Source data:
lemma coeff_UP: "p \<in> carrier (UP R) \<Longrightarrow> coeff (UP R) p n = p n"
  by (simp add: UP_def)

lemma UP_map_closed:
  assumes h: "h \<in> ring_hom R S" and R: "ring R" and S: "ring S" and p: "p \<in> carrier (UP R)"
  shows "UP_map h p \<in> carrier (UP S)"
proof -
  interpret hh: ring_hom_ring R S h using h R S by (intro ring_hom_ringI2)
  from p obtain n where n: "bound \<zero>\<^bsub>R\<^esub> n p" and pc: "\<And>i. p i \<in> carrier R"
    by (auto simp: UP_def up_def Pi_def)
  have "bound \<zero>\<^bsub>S\<^esub> n (UP_map h p)"
    using n by (auto simp: UP_map_def bound_def)
  then show ?thesis using pc by (auto simp: UP_def up_def UP_map_def Pi_def)
qed

lemma UP_map_hom:
  assumes R: "cring R" and S: "cring S" and h: "h \<in> ring_hom R S"
  shows "UP_map h \<in> ring_hom (UP R) (UP S)"
proof -
  interpret UR: UP_cring R "UP R" using R by (simp add: UP_cring_def)
  interpret US: UP_cring S "UP S" using S by (simp add: UP_cring_def)
  interpret hh: ring_hom_cring R S h using R S h by (intro ring_hom_cringI ring_hom_ringI2) (auto simp: cring_def)
  have cl: "p \<in> carrier (UP R) \<Longrightarrow> UP_map h p \<in> carrier (UP S)" for p
    using UP_map_closed[OF h] R S by (simp add: cring_def)
  have cf: "p \<in> carrier (UP R) \<Longrightarrow> coeff (UP S) (UP_map h p) n = h (coeff (UP R) p n)" for p n
    using cl by (simp add: coeff_UP UP_map_def)
  show ?thesis
  proof (rule ring_hom_memI)
    fix p assume "p \<in> carrier (UP R)" then show "UP_map h p \<in> carrier (UP S)" by (rule cl)
  next
    fix p q assume p: "p \<in> carrier (UP R)" and q: "q \<in> carrier (UP R)"
    show "UP_map h (p \<otimes>\<^bsub>UP R\<^esub> q) = UP_map h p \<otimes>\<^bsub>UP S\<^esub> UP_map h q"
    proof (rule US.up_eqI)
      fix n
      have "coeff (UP S) (UP_map h (p \<otimes>\<^bsub>UP R\<^esub> q)) n = h (\<Oplus>\<^bsub>R\<^esub>i \<in> {..n}. coeff (UP R) p i \<otimes>\<^bsub>R\<^esub> coeff (UP R) q (n-i))"
        using p q by (simp add: cf)
      also have "\<dots> = (\<Oplus>\<^bsub>S\<^esub>i \<in> {..n}. h (coeff (UP R) p i) \<otimes>\<^bsub>S\<^esub> h (coeff (UP R) q (n-i)))"
        using p q by (simp add: Pi_def comp_def)
      also have "\<dots> = coeff (UP S) (UP_map h p \<otimes>\<^bsub>UP S\<^esub> UP_map h q) n"
        using p q cl by (simp add: cf)
      finally show "coeff (UP S) (UP_map h (p \<otimes>\<^bsub>UP R\<^esub> q)) n = coeff (UP S) (UP_map h p \<otimes>\<^bsub>UP S\<^esub> UP_map h q) n" .
    qed (use p q cl in auto)
  next
    fix p q assume p: "p \<in> carrier (UP R)" and q: "q \<in> carrier (UP R)"
    show "UP_map h (p \<oplus>\<^bsub>UP R\<^esub> q) = UP_map h p \<oplus>\<^bsub>UP S\<^esub> UP_map h q"
      by (rule US.up_eqI) (use p q cl in \<open>simp_all add: cf\<close>)
  next
    show "UP_map h \<one>\<^bsub>UP R\<^esub> = \<one>\<^bsub>UP S\<^esub>"
      by (rule US.up_eqI) (use cl in \<open>simp_all add: cf\<close>)
  qed
qed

What you have to do: Would you quote everything above from the line containing "using cl by" down to the line containing "proof (rule US.up_eqI)"? Include both of those lines and nothing else.

Answer:
    using cl by (simp add: coeff_UP UP_map_def)
  show ?thesis
  proof (rule ring_hom_memI)
    fix p assume "p \<in> carrier (UP R)" then show "UP_map h p \<in> carrier (UP S)" by (rule cl)
  next
    fix p q assume p: "p \<in> carrier (UP R)" and q: "q \<in> carrier (UP R)"
    show "UP_map h (p \<otimes>\<^bsub>UP R\<^esub> q) = UP_map h p \<otimes>\<^bsub>UP S\<^esub> UP_map h q"
    proof (rule US.up_eqI)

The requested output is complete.